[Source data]
Content starts

text \<open>The Ganea spaces G_n(i_X); G_0 is a copy of A (via Pt), and alpha_n = Pt.\<close>
primrec ganea_top :: "'a topology \<Rightarrow> 'a set \<Rightarrow> nat \<Rightarrow> 'a gpt topology" where
  "ganea_top X A 0 = topology_generated_by
      {U. U \<subseteq> Pt ` A \<and> openin (subtopology X A) {a \<in> A. Pt a \<in> U}}"
| "ganea_top X A (Suc n) = join_top X A (ganea_top X A n)"

definition ganea_section :: "'a topology \<Rightarrow> 'a set \<Rightarrow> nat \<Rightarrow> bool" where
  "ganea_section X A n \<longleftrightarrow>
     (\<exists>\<sigma>. continuous_map X (ganea_top X A n) \<sigma> \<and>
          homotopic_with (\<lambda>_. True) X X (gmap \<circ> \<sigma>) id \<and>
          homotopic_with (\<lambda>_. True) (subtopology X A) (ganea_top X A n) \<sigma> Pt)"

definition relcat :: "'a topology \<Rightarrow> 'a set \<Rightarrow> enat" where
  "relcat X A = (INF n \<in> {n. ganea_section X A n}. enat n)"

end

theory Submission
  imports Defs
begin

text \<open>
  The homotopy section of g_n is built one open set of the cover at a time.  Suppose s is a
  section of g_m over an open set W, up to a homotopy K from the inclusion to g_m o s, and H
  deforms a further open set U into A.  A point x is sent to the point of the join with A-end
  H(x,1), G-end s x, the path that runs back along H and then along K, and as cylinder
  coordinate an Urysohn function that vanishes outside W and is 1 on a given closed F in W; this
  is a section of g_(m+1) over a neighbourhood of C and F for any closed C in U.  Normality
  lets the cover be shrunk to closed sets, so that the induction goes through.  Attaching U_0 last,
  the section equals alpha_n o H_0(-,1) on A, which is homotopic to alpha_n by hypothesis.
\<close>

lemma continuous_map_on_Union_openin:
  assumes "\<And>T. T \<in> \<T> \<Longrightarrow> openin X T"
    and "\<And>T. T \<in> \<T> \<Longrightarrow> continuous_map (subtopology X T) Y f"
  shows "continuous_map (subtopology X (\<Union>\<T>)) Y f"
proof (rule pasting_lemma[where I = \<T> and T = "\<lambda>T. T" and f = "\<lambda>_. f"])
  show "openin (subtopology X (\<Union>\<T>)) T" if "T \<in> \<T>" for T
    using assms(1) that by (intro subset_openin_subtopology) auto
  show "continuous_map (subtopology (subtopology X (\<Union>\<T>)) T) Y f" if "T \<in> \<T>" for T
    using assms(2) that by (simp add: subtopology_subtopology Int_absorb1 Union_upper)
qed auto
(* Let $X_0\in\mathcal{D}^0$. Then system (S) has a unique solution $X(t)=(B(t),I(t),M(t),N(t))$ defined on $[0,+\infty)$ with $X(0)=X_0$. Moreover $X(t)\in\mathcal{D}^0$ for every $t>0$, $$\frac{b}{m+\mu}\le \liminf_{t\to+\infty}\big(B(t)+I(t)\big)\le \limsup_{t\to+\infty}\big(B(t)+I(t)\big)\le \frac{b}{m},$$ and there is a constant $L>0$ (which may depend on $X_0$) such that $M(t)+N(t)\le L$ for all $t\ge 0$.
   Context: All parameters $b,\lambda,\gamma,m,\mu,r,n,p,h,\beta,\delta,e$ are positive constants. Here $B,I$ denote healthy and infected bees and $M,N$ healthy and infected mites. The model (S) is $$B'=\frac{bB}{B+I}-\lambda BN-\gamma BI-mB,\qquad I'=\frac{bI}{B+I}+\lambda BN+\gamma BI-(m+\mu)I,$$ $$M'=r(M+N)-nM-\frac{p}{h(B+I)}M(M+N)-M(\beta I+\delta N+eB),$$ $$N'=-nN-\frac{p}{h(B+I)}N(M+N)+\beta MI+\delta MN-eNB,$$ considered on the domain $\mathcal{D}^0=\{(B,I,M,N)\in\mathbb{R}^4_+ : B+I\neq 0\}$, where $\mathbb{R}_+=[0,\infty)$. *)

theory Defs
  imports "HOL-Analysis.Analysis" "HOL-Library.Extended_Real" "HOL-Library.Liminf_Limsup"
begin

definition D0 :: "(real \<times> real \<times> real \<times> real) set" where
  "D0 = {(B, I, M, N). B \<ge> 0 \<and> I \<ge> 0 \<and> M \<ge> 0 \<and> N \<ge> 0 \<and> B + I \<noteq> 0}"
(* Let $\Phi$ be a Young function and $\varphi\in\mathcal{G}^{\rm dec}_1$. Then for every measurable $f$ on $\mathbb{R}^n$, \[ \|f\|_{\mathrm{w}\mathcal{M}_\Phi^\varphi}=\sup_{\lambda>0}\lambda\bigl\|\chi_{\{x\in\mathbb{R}^n:|f(x)|>\lambda\}}\bigr\|_{\mathcal{M}_\Phi^\varphi}. \]
   Context: A Young function is a convex $\Phi:[0,\infty)\to[0,\infty)$ with $\Phi(0)=0$, $\lim_{t\to\infty}\Phi(t)=\infty$. $\mathcal{G}^{\rm dec}_1$ is the set of $\varphi:(0,\infty)\to(0,\infty)$ that are almost decreasing (there is $C>0$ with $C\varphi(r)\ge\varphi(s)$ for $r<s$) and submultiplicative ($\varphi(rs)\le C\varphi(r)\varphi(s)$). For a ball $B=B(a,r)$: $\|f\|_{\Phi,B}=\inf\{\lambda>0:\frac1{|B|}\int_B\Phi(|f|/\lambda)\le1\}$ and $\|f\|_{\mathcal{M}_\Phi^\varphi}=\sup_{a,r}\frac1{\varphi(r)}\|f\|_{\Phi,B(a,r)}$. For measurable $A$, $f$ and $t>0$, $m(A,f,t)=|\{x\in A:|f(x)|>t\}|$. Define $\|f\|_{\Phi,B,\mathrm{weak}}=\inf\{\lambda>0:\sup_{t>0}\frac1{|B|}\Phi(t)\,m(B,f/\lambda,t)\le1\}$ and $\|f\|_{\mathrm{w}\mathcal{M}_\Phi^\varphi}=\sup_{a\in\mathbb{R}^n,r>0}\frac1{\varphi(r)}\|f\|_{\Phi,B(a,r),\mathrm{weak}}$. $\chi_E$ is the characteristic function of $E$. *)

theory Defs
  imports "HOL-Analysis.Analysis"
begin

definition young_function :: "(real \<Rightarrow> real) \<Rightarrow> bool" where
  "young_function \<Phi> \<longleftrightarrow> convex_on {0..} \<Phi> \<and> (\<forall>t\<ge>0. \<Phi> t \<ge> 0) \<and> \<Phi> 0 = 0
     \<and> filterlim \<Phi> at_top at_top"

definition G_dec_1 :: "(real \<Rightarrow> real) \<Rightarrow> bool" where
  "G_dec_1 \<phi> \<longleftrightarrow> (\<forall>r>0. \<phi> r > 0)
     \<and> (\<exists>C>0. \<forall>r s. 0 < r \<longrightarrow> r < s \<longrightarrow> C * \<phi> r \<ge> \<phi> s)
     \<and> (\<exists>C>0. \<forall>r>0. \<forall>s>0. \<phi> (r * s) \<le> C * \<phi> r * \<phi> s)"

definition mdist :: "'a::euclidean_space set \<Rightarrow> ('a \<Rightarrow> real) \<Rightarrow> real \<Rightarrow> ennreal" where
  "mdist A f t = emeasure lebesgue {x \<in> A. \<bar>f x\<bar> > t}"

text \<open>Luxemburg-type average norm on a ball (value in [0,\<infinity>], Inf of empty set = \<infinity>).\<close>
definition orlicz_ball_norm :: "(real \<Rightarrow> real) \<Rightarrow> ('a::euclidean_space \<Rightarrow> real) \<Rightarrow> 'a set \<Rightarrow> ennreal" where
  "orlicz_ball_norm \<Phi> f B = (INF l\<in>{l::real. l > 0 \<and>
      ennreal (1 / measure lebesgue B) * (\<integral>\<^sup>+ x\<in>B. ennreal (\<Phi> (\<bar>f x\<bar> / l)) \<partial>lebesgue) \<le> 1}.
      ennreal l)"

definition weak_orlicz_ball_norm :: "(real \<Rightarrow> real) \<Rightarrow> ('a::euclidean_space \<Rightarrow> real) \<Rightarrow> 'a set \<Rightarrow> ennreal" where
  "weak_orlicz_ball_norm \<Phi> f B = (INF l\<in>{l::real. l > 0 \<and>
      (SUP t\<in>{0<..}. ennreal (1 / measure lebesgue B) * ennreal (\<Phi> t) * mdist B (\<lambda>x. f x / l) t) \<le> 1}.
      ennreal l)"

definition morrey_orlicz_norm :: "(real \<Rightarrow> real) \<Rightarrow> (real \<Rightarrow> real) \<Rightarrow> ('a::euclidean_space \<Rightarrow> real) \<Rightarrow> ennreal" where
  "morrey_orlicz_norm \<Phi> \<phi> f = (SUP (a, r)\<in>UNIV \<times> {0<..}. ennreal (1 / \<phi> r) * orlicz_ball_norm \<Phi> f (ball a r))"

definition weak_morrey_orlicz_norm :: "(real \<Rightarrow> real) \<Rightarrow> (real \<Rightarrow> real) \<Rightarrow> ('a::euclidean_space \<Rightarrow> real) \<Rightarrow> ennreal" where
  "weak_morrey_orlicz_norm \<Phi> \<phi> f = (SUP (a, r)\<in>UNIV \<times> {0<..}. ennreal (1 / \<phi> r) * weak_orlicz_ball_norm \<Phi> f (ball a r))"

end

theory Submission
  imports Defs
begin

text \<open>
  Everything happens on a single ball \<open>B\<close>. With \<open>g(s) = |B \<inter> {|f| > s}| / |B|\<close>, the
  Luxemburg norm of \<open>\<chi>{|f| > s}\<close> on \<open>B\<close> is the least \<open>\<mu>\<close> with \<open>\<Phi>(1/\<mu>) g(s) \<le> 1\<close>, while
  the weak norm of \<open>f\<close> on \<open>B\<close> is the least \<open>l\<close> with \<open>\<Phi>(t) g(l t) \<le> 1\<close> for all \<open>t > 0\<close>.
  The substitution \<open>s = l t\<close> and the monotonicity of \<open>\<Phi>\<close> identify the weak norm with
  \<open>sup\<^sub>s s \<parallel>\<chi>{|f| > s}\<parallel>\<^sub>\<Phi>\<^sub>,\<^sub>B\<close>, for an arbitrary \<open>g\<close>. The supremum over balls then commutes
  with the supremum over \<open>s\<close>.
\<close>

lemma young_function_mono:
  assumes "young_function \<Phi>" "0 \<le> t" "t \<le> u"
  shows "\<Phi> t \<le> \<Phi> u"
proof (cases "u = 0")
  case True
  then show ?thesis using assms by simp
next
  case False
  with assms have u: "u > 0" by auto
  have convex: "convex_on {0..} \<Phi>" and zero: "\<Phi> 0 = 0" and nonneg: "\<Phi> u \<ge> 0"
    using assms u unfolding young_function_def by auto
  have "\<Phi> ((1 - t/u) *\<^sub>R 0 + (t/u) *\<^sub>R u) \<le> (1 - t/u) * \<Phi> 0 + (t/u) * \<Phi> u"
    by (rule convex_onD[OF convex]) (use assms u in auto)
  also have "\<dots> = (t/u) * \<Phi> u"
    using zero by simp
  also have "\<dots> \<le> \<Phi> u"
    using nonneg u assms by (intro mult_left_le_one_le) auto
  finally show ?thesis using u by simp
qed

lemma nn_integral_young_indicator:
  assumes "young_function \<Phi>" "B \<in> sets lebesgue" "E \<in> sets lebesgue"
  shows "(\<integral>\<^sup>+ x\<in>B. ennreal (\<Phi> (\<bar>indicator E x :: real\<bar> / \<mu>)) \<partial>lebesgue)
       = ennreal (\<Phi> (1/\<mu>)) * emeasure lebesgue (B \<inter> E)"
proof -
  have "\<Phi> 0 = 0" using assms(1) unfolding young_function_def by simp
  then have "(\<integral>\<^sup>+ x\<in>B. ennreal (\<Phi> (\<bar>indicator E x :: real\<bar> / \<mu>)) \<partial>lebesgue)
      = (\<integral>\<^sup>+ x. ennreal (\<Phi> (1/\<mu>)) * indicator (B \<inter> E) x \<partial>lebesgue)"
    by (intro nn_integral_cong) (auto simp: indicator_def)
  also have "\<dots> = ennreal (\<Phi> (1/\<mu>)) * emeasure lebesgue (B \<inter> E)"
    using assms by (intro nn_integral_cmult_indicator) auto
  finally show ?thesis .
qed

lemma weak_level_INF_eq_SUP_level_INF:
  fixes \<Phi> :: "real \<Rightarrow> real" and g :: "real \<Rightarrow> ennreal"
  assumes mono: "\<And>t u. 0 \<le> t \<Longrightarrow> t \<le> u \<Longrightarrow> \<Phi> t \<le> \<Phi> u"
  shows "(INF l\<in>{l. l > 0 \<and> (SUP t\<in>{0<..}. ennreal (\<Phi> t) * g (l * t)) \<le> 1}. ennreal l)
       = (SUP s\<in>{0<..}. ennreal s * (INF \<mu>\<in>{\<mu>. \<mu> > 0 \<and> ennreal (\<Phi> (1/\<mu>)) * g s \<le> 1}. ennreal \<mu>))"
    (is "?W = (SUP s\<in>{0<..}. ennreal s * ?N s)")
proof (rule antisym)
  show "?W \<le> (SUP s\<in>{0<..}. ennreal s * ?N s)" (is "_ \<le> ?S")
  proof (rule dense_ge)
    fix y assume "?S < y"
    show "?W \<le> y"
    proof (cases y)
      case (real l)
      with \<open>?S < y\<close> have S_less: "?S < ennreal l" by simp
      then have "l > 0"
        using le_less_trans[OF zero_le S_less] by simp
      have "ennreal (\<Phi> t) * g (l * t) \<le> 1" if t: "t > 0" for t
      proof -
        define s where "s = l * t"
        have s: "s > 0" using t \<open>l > 0\<close> by (simp add: s_def)
        have "ennreal s * ?N s < ennreal s * ennreal (1/t)"
        proof -
          have "ennreal s * ?N s \<le> ?S" using s by (intro SUP_upper) simp
          also have "\<dots> < ennreal l" by (rule S_less)
          also have "\<dots> = ennreal s * ennreal (1/t)"
            using t \<open>l > 0\<close> by (simp add: s_def flip: ennreal_mult)
          finally show ?thesis .
        qed
        then have "?N s < ennreal (1/t)"
          by (meson mult_left_mono not_le zero_le)
        then obtain \<mu> where \<mu>: "\<mu> > 0" "ennreal (\<Phi> (1/\<mu>)) * g s \<le> 1" "ennreal \<mu> < ennreal (1/t)"
          by (auto simp: INF_less_iff)
        then have "t \<le> 1/\<mu>"
          using t by (simp add: ennreal_less_iff field_simps)
        then have "ennreal (\<Phi> t) * g s \<le> ennreal (\<Phi> (1/\<mu>)) * g s"
          using t by (intro mult_right_mono ennreal_leI mono) auto
        with \<mu>(2) show ?thesis by (simp add: s_def)
      qed
      then show ?thesis
        unfolding real using \<open>l > 0\<close> by (intro INF_lower) (auto intro: SUP_least)
    qed simp
  qed
next
  show "(SUP s\<in>{0<..}. ennreal s * ?N s) \<le> ?W"
  proof (intro SUP_least INF_greatest)
    fix s l :: real
    assume "s \<in> {0<..}" and "l \<in> {l. l > 0 \<and> (SUP t\<in>{0<..}. ennreal (\<Phi> t) * g (l * t)) \<le> 1}"
    then have s: "s > 0" and l: "l > 0"
      and admissible: "(SUP t\<in>{0<..}. ennreal (\<Phi> t) * g (l * t)) \<le> 1" by auto
    have "ennreal (\<Phi> (1/(l/s))) * g s \<le> 1"
      using order_trans[OF SUP_upper admissible, of "s/l"] s l by simp
    then have "?N s \<le> ennreal (l/s)"
      using s l by (intro INF_lower) auto
    then have "ennreal s * ?N s \<le> ennreal s * ennreal (l/s)"
      by (rule mult_left_mono) simp
    also have "\<dots> = ennreal l"
      using s l by (simp flip: ennreal_mult)
    finally show "ennreal s * ?N s \<le> ennreal l" .
  qed
qed

lemma weak_orlicz_ball_norm_eq_SUP_level_sets:
  fixes f :: "'a::euclidean_space \<Rightarrow> real"
  assumes young: "young_function \<Phi>" and B: "B \<in> sets lebesgue"
    and f: "f \<in> borel_measurable lebesgue"
  shows "weak_orlicz_ball_norm \<Phi> f B =
    (SUP s\<in>{0<..}. ennreal s * orlicz_ball_norm \<Phi> (indicator {x. \<bar>f x\<bar> > s} :: 'a \<Rightarrow> real) B)"
proof -
  define g where "g s = ennreal (1 / measure lebesgue B) * emeasure lebesgue (B \<inter> {x. \<bar>f x\<bar> > s})"
    for s
  have level_set: "{x. \<bar>f x\<bar> > s} \<in> sets lebesgue" for s
    using borel_measurable_abs[OF f] by (simp add: borel_measurable_iff_greater)
  have "mdist B (\<lambda>x. f x / l) t = emeasure lebesgue (B \<inter> {x. \<bar>f x\<bar> > l * t})" if "l > 0" for l t
  proof -
    have "{x \<in> B. \<bar>f x / l\<bar> > t} = B \<inter> {x. \<bar>f x\<bar> > l * t}"
      using that by (auto simp: abs_divide pos_less_divide_eq mult.commute)
    then show ?thesis unfolding mdist_def by simp
  qed
  then have weak: "weak_orlicz_ball_norm \<Phi> f B =
      (INF l\<in>{l. l > 0 \<and> (SUP t\<in>{0<..}. ennreal (\<Phi> t) * g (l * t)) \<le> 1}. ennreal l)"
    unfolding weak_orlicz_ball_norm_def g_def by (intro INF_cong) (auto simp: mult_ac)
  have strong: "orlicz_ball_norm \<Phi> (indicator {x. \<bar>f x\<bar> > s} :: 'a \<Rightarrow> real) B =
      (INF \<mu>\<in>{\<mu>. \<mu> > 0 \<and> ennreal (\<Phi> (1/\<mu>)) * g s \<le> 1}. ennreal \<mu>)" for s
    unfolding orlicz_ball_norm_def g_def nn_integral_young_indicator[OF young B level_set]
    by (simp add: mult_ac)
  show ?thesis
    unfolding weak strong
    by (rule weak_level_INF_eq_SUP_level_INF) (rule young_function_mono[OF young])
qed

theorem lemma5p3:
  fixes \<Phi> \<phi> :: "real \<Rightarrow> real" and f :: "'a::euclidean_space \<Rightarrow> real"
  assumes "young_function \<Phi>" and "G_dec_1 \<phi>" and "f \<in> borel_measurable lebesgue"
  shows "weak_morrey_orlicz_norm \<Phi> \<phi> f =
    (SUP l\<in>{0<..}. ennreal l * morrey_orlicz_norm \<Phi> \<phi> (indicator {x. \<bar>f x\<bar> > l} :: 'a \<Rightarrow> real))"
proof -
  define N where "N p s = orlicz_ball_norm \<Phi> (indicator {x. \<bar>f x\<bar> > s} :: 'a \<Rightarrow> real) (ball (fst p) (snd p))"
    for p s
  define c where "c p = ennreal (1 / \<phi> (snd p))" for p :: "'a \<times> real"
  have "weak_morrey_orlicz_norm \<Phi> \<phi> f = (SUP p\<in>UNIV \<times> {0<..}. c p * (SUP s\<in>{0<..}. ennreal s * N p s))"
    unfolding weak_morrey_orlicz_norm_def c_def N_def
    using weak_orlicz_ball_norm_eq_SUP_level_sets[OF assms(1) _ assms(3)] by (intro SUP_cong) auto
  also have "\<dots> = (SUP s\<in>{0<..}. SUP p\<in>UNIV \<times> {0<..}. ennreal s * (c p * N p s))"
    by (subst SUP_commute) (simp add: SUP_mult_left_ennreal mult.left_commute)
  also have "\<dots> = (SUP s\<in>{0<..}. ennreal s * (SUP p\<in>UNIV \<times> {0<..}. c p * N p s))"
    by (simp add: SUP_mult_left_ennreal)
  also have "\<dots> = (SUP l\<in>{0<..}. ennreal l * morrey_orlicz_norm \<Phi> \<phi> (indicator {x. \<bar>f x\<bar> > l} :: 'a \<Rightarrow> real))"
    unfolding morrey_orlicz_norm_def c_def N_def by (simp add: case_prod_beta')
  finally show ?thesis .
qed

end
definition fr_velocity :: "('a::euclidean_space) set \<Rightarrow> ('a \<Rightarrow> real) \<Rightarrow> ('a \<Rightarrow> real) \<Rightarrow> real \<Rightarrow> 'a \<Rightarrow> real" where
  "fr_velocity \<Omega> \<rho>0 \<rho>1 s x = 2 * fr_root \<Omega> \<rho>0 \<rho>1 s x * fr_root_dot \<Omega> \<rho>0 \<rho>1 s x"

text \<open>Fisher-Rao metric g_rho(sigma,sigma) = int sigma^2 / rho (= int Phi rho (Phi - E_rho Phi)).\<close>
definition fr_metric :: "('a::euclidean_space) set \<Rightarrow> ('a \<Rightarrow> real) \<Rightarrow> ('a \<Rightarrow> real) \<Rightarrow> ('a \<Rightarrow> real) \<Rightarrow> real" where
  "fr_metric \<Omega> \<rho> \<sigma>1 \<sigma>2 = (LINT x:\<Omega>|lebesgue. \<sigma>1 x * \<sigma>2 x / \<rho> x)"

end

(*
  Let \<gamma> be the Fisher-Rao geodesic from \<rho>t to \<rho>s: its square root is a great-circle arc of
  angle H on the unit sphere of root densities, so \<gamma> has constant speed g(\<gamma>',\<gamma>') = 4 H\<^sup>2.
  Strong convexity makes \<phi>(s) = E(\<gamma> s) satisfy \<phi>'' \<ge> 4 \<beta> H\<^sup>2, whence
  E \<rho>s = \<phi> 1 \<ge> \<phi> 0 + \<phi>' 0 + 2 \<beta> H\<^sup>2.  The initial velocity of \<gamma> is T \<rho>t, so
  \<phi>' 0 = \<integral> dE T \<rho>t; subtracting the mean of dE changes nothing because \<integral> T \<rho>t = 0, and
  \<integral> T\<^sup>2 \<rho>t = g(\<gamma>' 0, \<gamma>' 0) = 4 H\<^sup>2.
*)
theory Submission
  imports Defs
begin

lemma smooth_pos_densityD:
  assumes "smooth_pos_density \<Omega> \<rho>"
  shows smooth_pos_density_nonneg: "0 \<le> \<rho> x"
    and smooth_pos_density_pos: "x \<in> \<Omega> \<Longrightarrow> 0 < \<rho> x"
    and smooth_pos_density_continuous_on: "continuous_on \<Omega> \<rho>"
    and smooth_pos_density_set_integrable: "set_integrable lebesgue \<Omega> \<rho>"
    and smooth_pos_density_integral: "(LINT x:\<Omega>|lebesgue. \<rho> x) = 1"
  using assms unfolding smooth_pos_density_def smooth_on_def
  by (metis Ck_on.simps(1) less_le order_refl)+

lemma smooth_pos_density_sets:
  assumes "smooth_pos_density \<Omega> \<rho>"
  shows "\<Omega> \<in> sets lebesgue"
proof -
  have "(\<lambda>x. indicator \<Omega> x *\<^sub>R \<rho> x) = \<rho>"
    using assms by (intro ext) (auto simp: smooth_pos_density_def indicator_def)
  then have [measurable]: "\<rho> \<in> borel_measurable lebesgue"
    using smooth_pos_density_set_integrable[OF assms] unfolding set_integrable_def by auto
  have "\<Omega> = {x \<in> space lebesgue. 0 < \<rho> x}"
    using assms by (auto simp: smooth_pos_density_def)
  also have "\<dots> \<in> sets lebesgue"
    by measurable
  finally show ?thesis .
qed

Content ends

> [Exercise requirements] In the reply, include exactly the lines from the beginning of the entries above through the line holding "proof (rule pasting_lemma[where", and nothing besides.

> [Task solution]
text \<open>The Ganea spaces G_n(i_X); G_0 is a copy of A (via Pt), and alpha_n = Pt.\<close>
primrec ganea_top :: "'a topology \<Rightarrow> 'a set \<Rightarrow> nat \<Rightarrow> 'a gpt topology" where
  "ganea_top X A 0 = topology_generated_by
      {U. U \<subseteq> Pt ` A \<and> openin (subtopology X A) {a \<in> A. Pt a \<in> U}}"
| "ganea_top X A (Suc n) = join_top X A (ganea_top X A n)"

definition ganea_section :: "'a topology \<Rightarrow> 'a set \<Rightarrow> nat \<Rightarrow> bool" where
  "ganea_section X A n \<longleftrightarrow>
     (\<exists>\<sigma>. continuous_map X (ganea_top X A n) \<sigma> \<and>
          homotopic_with (\<lambda>_. True) X X (gmap \<circ> \<sigma>) id \<and>
          homotopic_with (\<lambda>_. True) (subtopology X A) (ganea_top X A n) \<sigma> Pt)"

definition relcat :: "'a topology \<Rightarrow> 'a set \<Rightarrow> enat" where
  "relcat X A = (INF n \<in> {n. ganea_section X A n}. enat n)"

end

theory Submission
  imports Defs
begin

text \<open>
  The homotopy section of g_n is built one open set of the cover at a time.  Suppose s is a
  section of g_m over an open set W, up to a homotopy K from the inclusion to g_m o s, and H
  deforms a further open set U into A.  A point x is sent to the point of the join with A-end
  H(x,1), G-end s x, the path that runs back along H and then along K, and as cylinder
  coordinate an Urysohn function that vanishes outside W and is 1 on a given closed F in W; this
  is a section of g_(m+1) over a neighbourhood of C and F for any closed C in U.  Normality
  lets the cover be shrunk to closed sets, so that the induction goes through.  Attaching U_0 last,
  the section equals alpha_n o H_0(-,1) on A, which is homotopic to alpha_n by hypothesis.
\<close>

lemma continuous_map_on_Union_openin:
  assumes "\<And>T. T \<in> \<T> \<Longrightarrow> openin X T"
    and "\<And>T. T \<in> \<T> \<Longrightarrow> continuous_map (subtopology X T) Y f"
  shows "continuous_map (subtopology X (\<Union>\<T>)) Y f"
proof (rule pasting_lemma[where I = \<T> and T = "\<lambda>T. T" and f = "\<lambda>_. f"])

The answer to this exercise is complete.